_Exercise_: Under this line are the records; write out word for word the part that begins at the line containing "using h(3) typing_unlift by blast" and ends at the line containing "case (App t1 t2)", and no more.

_Listed records_:
(* Let $k\ge1$. If $S\subseteq\mathbb R^n$ is the set of vertices of a $(k+1)$-level polytope, then $\mathcal I(S)$ is $\mathrm{TH}_k$-exact, i.e. $\mathrm{TH}_k(\mathcal I(S))=\operatorname{conv}(S)$.
   Context: For $S\subseteq\mathbb R^n$, $\mathcal I(S)$ is the ideal of all polynomials vanishing on $S$, and $\mathcal V_{\mathbb R}(I)$ is the real zero set of an ideal $I$. $\mathbb{R}[\mathbf x]_k$ denotes the polynomials of degree at most $k$. A polynomial $h$ is $k$-sos modulo $I$ if there are $g_1,\dots,g_r\in\mathbb{R}[\mathbf x]_k$ with $h-\sum_i g_i^2\in I$. The $k$-th theta body is $\mathrm{TH}_k(I)=\{p\in\mathbb R^n: l(p)\ge 0$ for every $l\in\mathbb{R}[\mathbf x]_1$ that is $k$-sos modulo $I\}$. $I$ is $\mathrm{TH}_k$-exact if $\mathrm{TH}_k(I)=\operatorname{cl}(\operatorname{conv}(\mathcal V_{\mathbb R}(I)))$. A polytope $P$ (facets taken relative to its affine hull) is $m$-level if for every facet $F$ of $P$ and the supporting hyperplane $H$ of $F$ there are $m-1$ hyperplanes $H_1,\dots,H_{m-1}$ parallel to $H$ such that all vertices of $P$ lie in $H\cup H_1\cup\dots\cup H_{m-1}$. *)

theory Defs
  imports "HOL-Analysis.Analysis"
begin

text \<open>Real polynomials in n variables are represented by the polynomial functions
  they induce on real^n (over the infinite field R this is a bijection).\<close>

definition monomial_fun :: "('n::finite \<Rightarrow> nat) \<Rightarrow> real^'n \<Rightarrow> real" where
  "monomial_fun \<alpha> x = (\<Prod>i\<in>UNIV. (x $ i) ^ \<alpha> i)"

definition poly_deg_le :: "nat \<Rightarrow> (real^'n::finite \<Rightarrow> real) \<Rightarrow> bool" where
  "poly_deg_le k f \<longleftrightarrow>
     (\<exists>c :: ('n \<Rightarrow> nat) \<Rightarrow> real.
        finite {\<alpha>. c \<alpha> \<noteq> 0} \<and>
        (\<forall>\<alpha>. c \<alpha> \<noteq> 0 \<longrightarrow> sum \<alpha> UNIV \<le> k) \<and>
        f = (\<lambda>x. \<Sum>\<alpha>\<in>{\<alpha>. c \<alpha> \<noteq> 0}. c \<alpha> * monomial_fun \<alpha> x))"

definition is_poly :: "(real^'n::finite \<Rightarrow> real) \<Rightarrow> bool" where
  "is_poly f \<longleftrightarrow> (\<exists>k. poly_deg_le k f)"
lemma typing_unsubst: "is_lambda t \<Longrightarrow> typing \<Gamma> (subst t k u) \<tau> n C H \<Longrightarrow>
  \<exists>\<Gamma>0 T n0 C0 H0. typing \<Gamma>0 t \<tau> n0 C0 H0 \<and> image_mset tty T = \<Gamma>0 k \<and>
     (\<forall>j\<in>#T. derives j u) \<and> \<Gamma> = rem k \<Gamma>0 \<oplus> judgs_env T"
proof (induction t arbitrary: \<Gamma> \<tau> n C H k u)
  case (Var i)
  show ?case
  proof (cases "i = k")
    case True
    with Var have tu: "typing \<Gamma> u \<tau> n C H" by simp
    have "typing (single k \<tau>) (Var i) \<tau> (Suc 0) {#} {#}" using True typing.tvar by simp
    moreover have "image_mset tty {#Judg \<Gamma> \<tau> n C H#} = single k \<tau> k" by (simp add: single_def)
    moreover have "\<Gamma> = rem k (single k \<tau>) \<oplus> judgs_env {#Judg \<Gamma> \<tau> n C H#}" by (simp add: rem_single_same)
    moreover have "\<forall>j\<in>#{#Judg \<Gamma> \<tau> n C H#}. derives j u" using tu by simp
    ultimately show ?thesis by blast
  next
    case False
    with Var have "typing \<Gamma> (Var (if i < k then i else i - 1)) \<tau> n C H" by (simp split: if_splits)
    then have e: "\<Gamma> = single (if i < k then i else i - 1) \<tau>" "n = Suc 0" "C = {#}" "H = {#}" by (auto elim!: typing_VarE)
    have "typing (single i \<tau>) (Var i) \<tau> (Suc 0) {#} {#}" by (rule typing.tvar)
    moreover have "image_mset tty {#} = single i \<tau> k" using False by (simp add: single_def)
    moreover have "\<Gamma> = rem k (single i \<tau>) \<oplus> judgs_env {#}" using e False by (simp add: rem_single)
    moreover have "\<forall>j\<in>#{#}. derives j u" by simp
    ultimately show ?thesis by blast
  qed
next
  case (Lam t)
  from Lam.prems(2) obtain \<Gamma>1 \<tau>' W n1 C1 H1 where e: "\<Gamma> = rem 0 \<Gamma>1" "\<tau> = Arr (\<Gamma>1 0 + W) \<tau>'"
     and tt: "typing \<Gamma>1 (subst t (Suc k) (lift 0 u)) \<tau>' n1 C1 H1"
    by (auto elim!: typing_LamE)
  from Lam.IH[OF _ tt] Lam.prems(1) obtain \<Gamma>0 T n0 C0 H0 where h: "typing \<Gamma>0 t \<tau>' n0 C0 H0" "image_mset tty T = \<Gamma>0 (Suc k)"
    "\<forall>j\<in>#T. derives j (lift 0 u)" "\<Gamma>1 = rem (Suc k) \<Gamma>0 \<oplus> judgs_env T" by auto
  have h3: "\<forall>j\<in>#T. tenv j 0 = {#} \<and> typing (rem 0 (tenv j)) u (tty j) (tsz j) (tC j) (tO j)"
    using h(3) typing_unlift by blast
  then have z: "judgs_env T 0 = {#}" by (intro judgs_env_zero_at) auto
  let ?T = "image_mset (mapenv (rem 0)) T"
  have g: "\<Gamma>1 0 = \<Gamma>0 0" using h(4) z by (simp add: eadd_def rem_def)
  from typing.tlam[OF h(1), of W] have "typing (rem 0 \<Gamma>0) (Lam t) \<tau> (Suc n0) (C0 + close n0 H0) {#}" using e g by simp
  moreover have "image_mset tty ?T = rem 0 \<Gamma>0 k" using h(2) by (simp add: multiset.map_comp comp_def rem_def)
  moreover have "\<forall>j\<in>#?T. derives j u" using h3 by auto
  moreover have "\<Gamma> = rem k (rem 0 \<Gamma>0) \<oplus> judgs_env ?T" using e h(4) by (simp add: mapenv_props rem_rem_Suc)
  ultimately show ?case by blast
next
  case (App t1 t2)
  from App.prems(2) obtain \<Gamma>1 M n1 C1 H1 TA where e: "\<Gamma> = \<Gamma>1 \<oplus> judgs_env TA"
    and tt: "typing \<Gamma>1 (subst t1 k u) (Arr M \<tau>) n1 C1 H1"
    and ok: "args_for M TA" and tu: "\<forall>j\<in>#TA. derives j (subst t2 k u)"
    by (auto elim!: typing_AppE)
  from App.IH(1)[OF _ tt] App.prems(1) obtain \<Gamma>01 T1 n0 C0 H0 where h: "typing \<Gamma>01 t1 (Arr M \<tau>) n0 C0 H0" "image_mset tty T1 = \<Gamma>01 k"
    "\<forall>j\<in>#T1. derives j u" "\<Gamma>1 = rem k \<Gamma>01 \<oplus> judgs_env T1" by auto
  have "\<forall>a\<in>#TA. \<exists>a0 Ta. tty a0 = tty a \<and> tenv a = rem k (tenv a0) \<oplus> judgs_env Ta \<and> image_mset tty Ta = tenv a0 k \<and>
      (\<forall>j\<in>#Ta. derives j u) \<and> derives a0 t2"
  proof
    fix a assume "a \<in># TA"
    with tu have "derives a (subst t2 k u)" by blast
    from App.IH(2)[OF _ this] App.prems(1) obtain \<Gamma>0 T n0 C0 H0 where g: "typing \<Gamma>0 t2 (tty a) n0 C0 H0" "image_mset tty T = \<Gamma>0 k"
      "\<forall>j\<in>#T. derives j u" "tenv a = rem k \<Gamma>0 \<oplus> judgs_env T" by auto
    then show "\<exists>a0 Ta. tty a0 = tty a \<and> tenv a = rem k (tenv a0) \<oplus> judgs_env Ta \<and> image_mset tty Ta = tenv a0 k \<and>
      (\<forall>j\<in>#Ta. derives j u) \<and> derives a0 t2"
      by (intro exI[where x="Judg \<Gamma>0 (tty a) n0 C0 H0"] exI[where x=T]) auto
  qed
  from unsubst_args[OF this] obtain TA0 T2 where c: "image_mset tty TA0 = image_mset tty TA" "judgs_env TA = rem k (judgs_env TA0) \<oplus> judgs_env T2"
     "image_mset tty T2 = judgs_env TA0 k" "\<forall>j\<in>#T2. derives j u"
     "\<forall>a0\<in>#TA0. derives a0 t2" by blast
  have ok': "args_for M TA0" using ok args_for_same_image[OF c(1)] by simp
  from typing.tapp[OF h(1) ok' c(5)] have "typing (\<Gamma>01 \<oplus> judgs_env TA0) (App t1 t2) \<tau> (Suc (n0 + judgs_size TA0)) (C0 + close n0 H0 + judgs_measure TA0) {#}" .
  moreover have "image_mset tty (T1 + T2) = (\<Gamma>01 \<oplus> judgs_env TA0) k" using h(2) c(3) by (simp add: eadd_def)
  moreover have "\<forall>j\<in>#T1 + T2. derives j u" using h(3) c(4) by auto
  moreover have "\<Gamma> = rem k (\<Gamma>01 \<oplus> judgs_env TA0) \<oplus> judgs_env (T1 + T2)" using e h(4) c(2) by (simp add: eadd_ac)
  ultimately show ?case by blast
next
  case (Sub t1 t2)
  then show ?case by simp
qed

_Task answer_:
    using h(3) typing_unlift by blast
  then have z: "judgs_env T 0 = {#}" by (intro judgs_env_zero_at) auto
  let ?T = "image_mset (mapenv (rem 0)) T"
  have g: "\<Gamma>1 0 = \<Gamma>0 0" using h(4) z by (simp add: eadd_def rem_def)
  from typing.tlam[OF h(1), of W] have "typing (rem 0 \<Gamma>0) (Lam t) \<tau> (Suc n0) (C0 + close n0 H0) {#}" using e g by simp
  moreover have "image_mset tty ?T = rem 0 \<Gamma>0 k" using h(2) by (simp add: multiset.map_comp comp_def rem_def)
  moreover have "\<forall>j\<in>#?T. derives j u" using h3 by auto
  moreover have "\<Gamma> = rem k (rem 0 \<Gamma>0) \<oplus> judgs_env ?T" using e h(4) by (simp add: mapenv_props rem_rem_Suc)
  ultimately show ?case by blast
next
  case (App t1 t2)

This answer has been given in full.